Apache Airflow Key Features and Typical Use Cases
- Python-Based Workflow Definition: Workflows are defined as Python code, allowing for dynamic pipeline generation using standard programming constructs such as loops and conditional logic.
- Directed Acyclic Graphs (DAGs): Airflow uses DAGs to represent workflows, where each node is a task and edges define dependencies. This structure ensures tasks run in a specified order without cycles.
- Robust UI: Airflow provides a modern web interface for monitoring, scheduling, and managing workflows, offering visibility into task status and logs.
- Extensive Integrations: It includes many built-in operators and hooks to connect with cloud services (AWS, GCP, Azure), databases, and other tools, making it highly extensible.
- Scalability and Flexibility: Airflow can orchestrate workflows at scale, supporting both on-premises and cloud deployments, and is suitable for a wide range of use cases from ETL to machine learning.
Typical Use Cases
- Orchestrating ETL (Extract, Transform, Load) pipelines
- Scheduling and monitoring data workflows
- Automating machine learning model training and deployment
- Managing infrastructure tasks
Managed Airflow Services
Several cloud providers offer managed Airflow services, reducing the operational burden of setup and maintenance:
- Amazon Managed Workflows for Apache Airflow (MWAA): A fully managed service that handles scaling, security, and availability, allowing users to focus on workflow development.
- Google Cloud Composer: Managed Airflow on Google Cloud Platform.
- Microsoft Fabric Data Factory: Offers Apache Airflow jobs as a managed orchestration solution within the Azure ecosystem.
Installation and Getting Started
Airflow can be installed via Python’s package manager (pip install apache-airflow
) or managed tools like Astro CLI, which simplifies setup and project management. After installation, users define DAGs in Python scripts and manage them through the Airflow UI.
Summary
Feature | Description |
---|---|
Workflow Definition | Python code, DAG-based |
UI | Web-based, modern, robust |
Integrations | Cloud (AWS, GCP, Azure), databases, custom plugins |
Managed Services | AWS MWAA, Google Cloud Composer, Microsoft Fabric |
Use Cases | ETL, data pipelines, ML workflows, infrastructure tasks |
Airflow is widely adopted in the data engineering community for its flexibility, scalability, and strong ecosystem, making it a leading choice for workflow orchestration in production environments.

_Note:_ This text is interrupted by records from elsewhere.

lemma ex_derived_clearing_level:
  assumes "2 \<le> k" "l < k" "g \<in> carrier (G_grp k)" "even_indices k g"
    and "\<And>v. length v < l \<Longrightarrow> \<not> active g v"
  obtains c where "c \<in> derived (G_grp k) (carrier (G_grp k))"
    and "\<And>v. length v < Suc l \<Longrightarrow> \<not> active (g \<circ> c) v"
proof -
  define S where "S = {v. length v = l \<and> active g v}"
  have "l < k - 1 \<Longrightarrow> even (card S)"
    using assms(4) by (simp add: S_def even_indices_def level_index_def)
  moreover have "even (card {v \<in> S. take 1 v = [b]})" if "l = k - 1" for b
  proof -
    have "{v \<in> S. take 1 v = [b]} = {v. length v = k - 1 \<and> take 1 v = [b] \<and> active g v}"
      using that by (auto simp: S_def)
    then show ?thesis
      using assms(4) by (cases b) (simp_all add: even_indices_def subtree_index_def)
  qed
  ultimately obtain c where c: "c \<in> derived (G_grp k) (carrier (G_grp k))" "top_active l S c"
    using ex_derived_top_active[OF assms(1,2), of S] by (auto simp: S_def)
  have "tree_aut k g" using assms(3) by (simp add: carrier_G_grp)
  moreover have "top_active l S g" using assms(5) by (auto simp: top_active_def S_def)
  ultimately have "top_active l (sym_diff S S) (g \<circ> c)"
    using top_active_comp[OF _ tree_aut_if_derived_G_grp[OF c(1)] assms(2) _ c(2)] by blast
  then have "\<not> active (g \<circ> c) v" if "length v < Suc l" for v
    using that by (auto simp: top_active_def less_Suc_eq)
  with c(1) show ?thesis by (rule that)
qed

lemma derived_if_even_indices_inactive_above:
  assumes "2 \<le> k" "l \<le> k" "g \<in> carrier (G_grp k)" "even_indices k g"
    and "\<And>v. length v < l \<Longrightarrow> \<not> active g v"
  shows "g \<in> derived (G_grp k) (carrier (G_grp k))"
  using assms(2-5)
proof (induction l arbitrary: g rule: inc_induct)
  case base
  then have "g = id"
    by (intro tree_aut_eqI[OF _ tree_aut_id]) (auto simp: carrier_G_grp not_active_id)
  then show ?case using subgroup.one_closed[OF derived_G_grp_subgroup, of k] by (simp only: one_G_grp)
next
  case (step l)
  interpret G: group "G_grp k" by (rule group_G_grp)
  obtain c where c: "c \<in> derived (G_grp k) (carrier (G_grp k))"
    and clear: "\<And>v. length v < Suc l \<Longrightarrow> \<not> active (g \<circ> c) v"
    using ex_derived_clearing_level[OF assms(1) step.hyps(2) step.prems] by blast
  have c_carrier: "c \<in> carrier (G_grp k)"
    using c subgroup.subset[OF derived_G_grp_subgroup] by blast
  have "g \<circ> c \<in> carrier (G_grp k)" using G.m_closed[OF step.prems(1) c_carrier] by simp
  moreover have "even_indices k (g \<circ> c)"
    using even_indices_comp[OF assms(1) step.prems(1) c_carrier step.prems(2)
        even_indices_derived[OF assms(1) c]] .
  ultimately have "g \<circ> c \<in> derived (G_grp k) (carrier (G_grp k))"
    using clear by (rule step.IH)
  then have "g \<otimes>\<^bsub>G_grp k\<^esub> c \<otimes>\<^bsub>G_grp k\<^esub> inv\<^bsub>G_grp k\<^esub> c \<in> derived (G_grp k) (carrier (G_grp k))"
    using subgroup.m_closed[OF derived_G_grp_subgroup _ subgroup.m_inv_closed[OF derived_G_grp_subgroup c]]
    by simp
  moreover have "g \<otimes>\<^bsub>G_grp k\<^esub> c \<otimes>\<^bsub>G_grp k\<^esub> inv\<^bsub>G_grp k\<^esub> c = g"
    using step.prems(1) c_carrier by (simp add: G.m_assoc del: mult_G_grp one_G_grp)
  ultimately show ?case by simp
qed

theorem lemma8:
  fixes k :: nat and g :: "bool list \<Rightarrow> bool list"
  assumes "k \<ge> 2" and "g \<in> carrier (G_grp k)"
  shows "g \<in> derived (G_grp k) (carrier (G_grp k)) \<longleftrightarrow>
    ((\<forall>l < k - 1. even (level_index g l)) \<and>
     even (card {v. length v = k - 1 \<and> take 1 v = [False] \<and> active g v}) \<and>
     even (card {v. length v = k - 1 \<and> take 1 v = [True] \<and> active g v}))"
proof -
  have "g \<in> derived (G_grp k) (carrier (G_grp k)) \<longleftrightarrow> even_indices k g"
    using even_indices_derived[OF assms(1)]
      derived_if_even_indices_inactive_above[OF assms(1) _ assms(2), of 0]
    by auto
  then show ?thesis unfolding even_indices_def subtree_index_def .
qed

end
lemma has_real_derivative_Bernstein:
  "(Bernstein (Suc n) (Suc k) has_real_derivative
     real (Suc n) * (Bernstein n k p - Bernstein n (Suc k) p)) (at p)"
proof (cases "k \<le> n")
  case True
  define c where "c = real (Suc n choose Suc k)"
  have "Bernstein (Suc n) (Suc k) = (\<lambda>p. c * p ^ Suc k * (1 - p) ^ (n - k))"
    by (simp add: Bernstein_def c_def fun_eq_iff)
  moreover have "((\<lambda>p. c * p ^ Suc k * (1 - p) ^ (n - k)) has_real_derivative
      c * p ^ Suc k * (- real (n - k) * (1 - p) ^ (n - Suc k))
      + c * (real (Suc k) * p ^ k) * (1 - p) ^ (n - k)) (at p)"
  proof (rule DERIV_mult'[OF DERIV_cmult])
    show "((\<lambda>p. p ^ Suc k) has_real_derivative real (Suc k) * p ^ k) (at p)"
      using DERIV_pow[of "Suc k" p] by simp
    show "((\<lambda>p. (1 - p) ^ (n - k)) has_real_derivative - real (n - k) * (1 - p) ^ (n - Suc k)) (at p)"
      using DERIV_power[OF DERIV_diff[OF DERIV_const[of 1] DERIV_ident], of "n - k" p] by simp
  qed
  moreover have "c * p ^ Suc k * (- real (n - k) * (1 - p) ^ (n - Suc k))
      + c * (real (Suc k) * p ^ k) * (1 - p) ^ (n - k)
      = real (Suc n) * (Bernstein n k p - Bernstein n (Suc k) p)"
  proof -
    have a: "real (Suc k) * c = real (Suc n) * real (n choose k)"
      unfolding c_def by (metis Suc_times_binomial of_nat_mult)
    have b: "real (n - k) * c = real (Suc n) * real (n choose Suc k)"
      unfolding c_def by (metis binomial_absorb_comp diff_Suc_1 diff_Suc_Suc of_nat_mult)
    have "c * p ^ Suc k * (- real (n - k) * (1 - p) ^ (n - Suc k))
        + c * (real (Suc k) * p ^ k) * (1 - p) ^ (n - k)
        = (real (Suc k) * c) * p ^ k * (1 - p) ^ (n - k)
          - (real (n - k) * c) * p ^ Suc k * (1 - p) ^ (n - Suc k)"
      by (simp add: algebra_simps)
    also have "\<dots> = real (Suc n) * (Bernstein n k p - Bernstein n (Suc k) p)"
      unfolding a b Bernstein_def by (simp add: algebra_simps)
    finally show ?thesis .
  qed
  ultimately show ?thesis
    by simp
next
  case False
  then have "Bernstein (Suc n) (Suc k) = (\<lambda>_. 0)" "Bernstein n k p = 0" "Bernstein n (Suc k) p = 0"
    by (simp_all add: Bernstein_def fun_eq_iff not_le binomial_eq_0)
  then show ?thesis
    by (simp only: diff_zero mult_zero_right DERIV_const)
qed

lemma has_real_derivative_binom_upper_tail:
  assumes "k \<le> n"
  shows "(binom_upper_tail (Suc n) (Suc k) has_real_derivative real (Suc n) * Bernstein n k p) (at p)"
proof -
  have "binom_upper_tail (Suc n) (Suc k) = (\<lambda>p. \<Sum>l=k..n. Bernstein (Suc n) (Suc l) p)"
    unfolding binom_upper_tail_Bernstein by (rule ext, subst sum.shift_bounds_cl_Suc_ivl) simp
  moreover have "((\<lambda>p. \<Sum>l=k..n. Bernstein (Suc n) (Suc l) p) has_real_derivative
      (\<Sum>l=k..n. real (Suc n) * (Bernstein n l p - Bernstein n (Suc l) p))) (at p)"
    by (intro DERIV_sum has_real_derivative_Bernstein)
  moreover have "(\<Sum>l=k..n. Bernstein n l p - Bernstein n (Suc l) p) = Bernstein n k p"
    using sum_Suc_diff[OF le_SucI[OF assms], of "\<lambda>l. - Bernstein n l p"]
    by (simp add: Bernstein_def)
  ultimately show ?thesis
    by (simp add: sum_distrib_left[symmetric])
qed

lemma strict_mono_on_binom_upper_tail:
  assumes "1 \<le> k" "k \<le> n"
  shows "strict_mono_on {0..1} (binom_upper_tail n k)"
proof (rule strict_mono_onI)
  obtain m k' where n: "n = Suc m" and k: "k = Suc k'" and "k' \<le> m"
    using assms by (cases n; cases k) auto
  fix a b :: real
  assume "a \<in> {0..1}" "b \<in> {0..1}" "a < b"
  then show "binom_upper_tail n k a < binom_upper_tail n k b"
    unfolding n k
  proof (intro DERIV_pos_imp_increasing_open[OF \<open>a < b\<close>] continuous_on_binom_upper_tail)
    fix x assume "a < x" "x < b"
    with \<open>a \<in> {0..1}\<close> \<open>b \<in> {0..1}\<close> \<open>k' \<le> m\<close> have "0 < real (Suc m) * Bernstein m k' x"
      by (simp add: Bernstein_pos)
    with has_real_derivative_binom_upper_tail[OF \<open>k' \<le> m\<close>]
    show "\<exists>y. (binom_upper_tail (Suc m) (Suc k') has_real_derivative y) (at x) \<and> 0 < y"
      by blast
  qed
qed

lemma strict_antimono_on_binom_lower_tail:
  assumes "k < n"
  shows "strict_antimono_on {0..1} (binom_lower_tail n k)"
  using strict_mono_onD[OF strict_mono_on_binom_upper_tail[of "Suc k" n]] assms
  by (intro monotone_onI) (simp add: binom_lower_tail_eq_1_minus_upper)

lemma binom_upper_tail_eq_ex1:
  assumes "1 \<le> k" "k \<le> n" "0 < c" "c < 1"
  shows "\<exists>!p. 0 \<le> p \<and> p \<le> 1 \<and> c = binom_upper_tail n k p"
proof -
  have "\<exists>p\<ge>0. p \<le> 1 \<and> binom_upper_tail n k p = c"
    using assms binom_upper_tail_0[of k n] binom_upper_tail_1[of k n]
      continuous_on_binom_upper_tail[of UNIV n k]
    by (intro IVT) (auto simp: continuous_on_eq_continuous_at)
  moreover have "inj_on (binom_upper_tail n k) {0..1}"
    using strict_mono_on_binom_upper_tail[OF assms(1,2)] by (rule strict_mono_on_imp_inj_on)
  ultimately show ?thesis
    by (metis atLeastAtMost_iff inj_onD)
qed

lemma
  assumes "1 \<le> k" "k \<le> n" "0 < \<beta>" "\<beta> < 1"
  shows P_lb_in_unit_interval: "P_lb \<beta> n k \<in> {0..1}"
    and binom_upper_tail_P_lb: "binom_upper_tail n k (P_lb \<beta> n k) = \<beta> / 2"
proof -
  have "\<exists>!p. 0 \<le> p \<and> p \<le> 1 \<and> \<beta> / 2 = binom_upper_tail n k p"
    using assms by (intro binom_upper_tail_eq_ex1) auto
  from theI'[OF this] assms(1) show "P_lb \<beta> n k \<in> {0..1}" "binom_upper_tail n k (P_lb \<beta> n k) = \<beta> / 2"
    unfolding P_lb_def by auto
qed

lemma
  assumes "k < n" "0 < \<beta>" "\<beta> < 1"
  shows P_ub_in_unit_interval: "P_ub \<beta> n k \<in> {0..1}"
    and binom_lower_tail_P_ub: "binom_lower_tail n k (P_ub \<beta> n k) = \<beta> / 2"
proof -
  have "\<exists>!p. 0 \<le> p \<and> p \<le> 1 \<and> 1 - \<beta> / 2 = binom_upper_tail n (Suc k) p"
    using assms by (intro binom_upper_tail_eq_ex1) auto
  then have "\<exists>!p. 0 \<le> p \<and> p \<le> 1 \<and> \<beta> / 2 = binom_lower_tail n k p"
    using assms(1) by (simp add: binom_lower_tail_eq_1_minus_upper algebra_simps)
  from theI'[OF this] assms(1) show "P_ub \<beta> n k \<in> {0..1}" "binom_lower_tail n k (P_ub \<beta> n k) = \<beta> / 2"
    unfolding P_ub_def by auto
qed

lemma measure_binomial_pmf:
  assumes "p \<in> {0..1}"
  shows "measure_pmf.prob (binomial_pmf n p) A = (\<Sum>k\<in>A \<inter> {..n}. Bernstein n k p)"
proof -
  have "measure_pmf.prob (binomial_pmf n p) A = measure_pmf.prob (binomial_pmf n p) (A \<inter> {..n})"
    using assms set_pmf_binomial_eq[of p n]
    by (intro measure_pmf.finite_measure_eq_AE AE_pmfI) (auto split: if_splits)
  also have "\<dots> = (\<Sum>k\<in>A \<inter> {..n}. Bernstein n k p)"
    using assms by (simp add: measure_measure_pmf_finite Bernstein_def)
  finally show ?thesis .
qed

lemma measure_binomial_pmf_atLeast:
  "p \<in> {0..1} \<Longrightarrow> measure_pmf.prob (binomial_pmf n p) {k..} = binom_upper_tail n k p"
  by (simp add: measure_binomial_pmf binom_upper_tail_Bernstein atLeastAtMost_def)

lemma measure_binomial_pmf_atMost:
  "p \<in> {0..1} \<Longrightarrow> measure_pmf.prob (binomial_pmf n p) {..k} = binom_lower_tail n k p"
  unfolding measure_binomial_pmf binom_lower_tail_Bernstein
  by (intro sum.mono_neutral_left) (auto simp: Bernstein_def)

definition has_binomial_distribution :: "'a measure \<Rightarrow> ('a \<Rightarrow> nat) \<Rightarrow> nat \<Rightarrow> real \<Rightarrow> bool" where
  "has_binomial_distribution Q B n p \<longleftrightarrow>
     B \<in> Q \<rightarrow>\<^sub>M count_space UNIV \<and> distr Q (count_space UNIV) B = measure_pmf (binomial_pmf n p)"

lemma
  assumes "has_binomial_distribution Q B n p"
  shows sets_has_binomial_distribution: "{\<omega> \<in> space Q. B \<omega> \<in> A} \<in> sets Q"
    and measure_has_binomial_distribution:
      "measure Q {\<omega> \<in> space Q. B \<omega> \<in> A} = measure_pmf.prob (binomial_pmf n p) A"
proof -
  have B: "B \<in> Q \<rightarrow>\<^sub>M count_space UNIV" and distr: "distr Q (count_space UNIV) B = binomial_pmf n p"
    using assms unfolding has_binomial_distribution_def by auto
  have eq: "{\<omega> \<in> space Q. B \<omega> \<in> A} = B -` A \<inter> space Q" by auto
  show "{\<omega> \<in> space Q. B \<omega> \<in> A} \<in> sets Q"
    unfolding eq using B by (rule measurable_sets) simp
  show "measure Q {\<omega> \<in> space Q. B \<omega> \<in> A} = measure_pmf.prob (binomial_pmf n p) A"
    unfolding eq using measure_distr[OF B, of A] by (simp add: distr)
qed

Key Ways Airflow Simplifies Workflow Automation
-
Workflows as Code (Python)
Airflow workflows are defined as Python scripts, using Directed Acyclic Graphs (DAGs) to represent tasks and their dependencies. This “workflows as code” approach enables dynamic generation, parameterization, and easy version control of pipelines, making them highly maintainable and adaptable to changing requirements. -
Dynamic and Extensible Pipelines
By leveraging Python’s full capabilities, users can incorporate loops, conditionals, and custom logic directly into their workflow definitions. This allows for dynamic task creation and advanced parameterization that would be difficult or impossible in static configuration files or GUI-based tools. -
Pythonic Task Management
Airflow’s TaskFlow API (introduced in Airflow 2.0) makes defining tasks even more Pythonic. Developers write plain Python functions, decorate them, and Airflow automatically handles task creation, dependency wiring, and data passing between tasks, resulting in cleaner and more maintainable code. -
Custom Operators and Integrations
Users can create custom Python operators, sensors, and hooks to interact with virtually any external system, API, or database. This extensibility enables seamless integration with the broader Python ecosystem and external services. -
Native Python Ecosystem Integration
Because workflows are written in Python, users can leverage the vast array of Python libraries (such as Pandas, NumPy, or machine learning frameworks) within their tasks, further enhancing automation capabilities. -
Readable and Maintainable
Python’s readability and popularity make Airflow accessible to a wide range of users, from data engineers to analysts. The code-based approach also supports standard software engineering practices like code reviews and version control.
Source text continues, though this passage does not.